**What you will do:**
First find the line with "proof (intro allI impI)" in the entries below, then set down exactly every line through the line with "then show ?thesis", that line included.

**Data supplied:**
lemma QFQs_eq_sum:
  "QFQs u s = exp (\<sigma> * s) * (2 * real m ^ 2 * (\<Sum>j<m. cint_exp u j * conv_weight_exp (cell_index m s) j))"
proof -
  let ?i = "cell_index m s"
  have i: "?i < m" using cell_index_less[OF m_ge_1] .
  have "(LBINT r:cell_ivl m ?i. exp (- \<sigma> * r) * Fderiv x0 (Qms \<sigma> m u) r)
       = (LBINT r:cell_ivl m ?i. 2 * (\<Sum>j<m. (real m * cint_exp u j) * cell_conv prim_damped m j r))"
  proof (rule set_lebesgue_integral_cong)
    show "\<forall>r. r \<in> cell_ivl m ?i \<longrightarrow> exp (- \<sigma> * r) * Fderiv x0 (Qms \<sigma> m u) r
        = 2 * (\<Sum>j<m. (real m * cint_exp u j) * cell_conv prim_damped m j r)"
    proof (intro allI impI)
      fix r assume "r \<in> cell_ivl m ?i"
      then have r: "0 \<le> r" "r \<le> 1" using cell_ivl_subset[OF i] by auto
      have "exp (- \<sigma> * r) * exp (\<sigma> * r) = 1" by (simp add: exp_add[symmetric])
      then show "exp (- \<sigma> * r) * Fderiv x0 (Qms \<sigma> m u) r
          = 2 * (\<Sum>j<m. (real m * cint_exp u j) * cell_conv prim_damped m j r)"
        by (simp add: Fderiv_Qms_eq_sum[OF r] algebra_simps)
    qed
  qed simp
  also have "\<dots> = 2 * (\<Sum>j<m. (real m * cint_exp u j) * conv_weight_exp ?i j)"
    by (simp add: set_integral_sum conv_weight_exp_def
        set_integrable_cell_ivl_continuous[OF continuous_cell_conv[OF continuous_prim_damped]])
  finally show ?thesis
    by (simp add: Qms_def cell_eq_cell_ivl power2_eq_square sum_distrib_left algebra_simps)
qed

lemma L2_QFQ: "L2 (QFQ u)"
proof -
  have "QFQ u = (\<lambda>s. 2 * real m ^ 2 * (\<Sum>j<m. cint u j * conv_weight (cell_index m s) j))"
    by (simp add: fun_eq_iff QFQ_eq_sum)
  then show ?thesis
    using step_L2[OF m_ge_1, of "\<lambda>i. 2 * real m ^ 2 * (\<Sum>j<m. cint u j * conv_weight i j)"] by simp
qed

**Output:**
    proof (intro allI impI)
      fix r assume "r \<in> cell_ivl m ?i"
      then have r: "0 \<le> r" "r \<le> 1" using cell_ivl_subset[OF i] by auto
      have "exp (- \<sigma> * r) * exp (\<sigma> * r) = 1" by (simp add: exp_add[symmetric])
      then show "exp (- \<sigma> * r) * Fderiv x0 (Qms \<sigma> m u) r
          = 2 * (\<Sum>j<m. (real m * cint_exp u j) * cell_conv prim_damped m j r)"
        by (simp add: Fderiv_Qms_eq_sum[OF r] algebra_simps)
    qed
  qed simp
  also have "\<dots> = 2 * (\<Sum>j<m. (real m * cint_exp u j) * conv_weight_exp ?i j)"
    by (simp add: set_integral_sum conv_weight_exp_def
        set_integrable_cell_ivl_continuous[OF continuous_cell_conv[OF continuous_prim_damped]])
  finally show ?thesis
    by (simp add: Qms_def cell_eq_cell_ivl power2_eq_square sum_distrib_left algebra_simps)
qed

lemma L2_QFQ: "L2 (QFQ u)"
proof -
  have "QFQ u = (\<lambda>s. 2 * real m ^ 2 * (\<Sum>j<m. cint u j * conv_weight (cell_index m s) j))"
    by (simp add: fun_eq_iff QFQ_eq_sum)
  then show ?thesis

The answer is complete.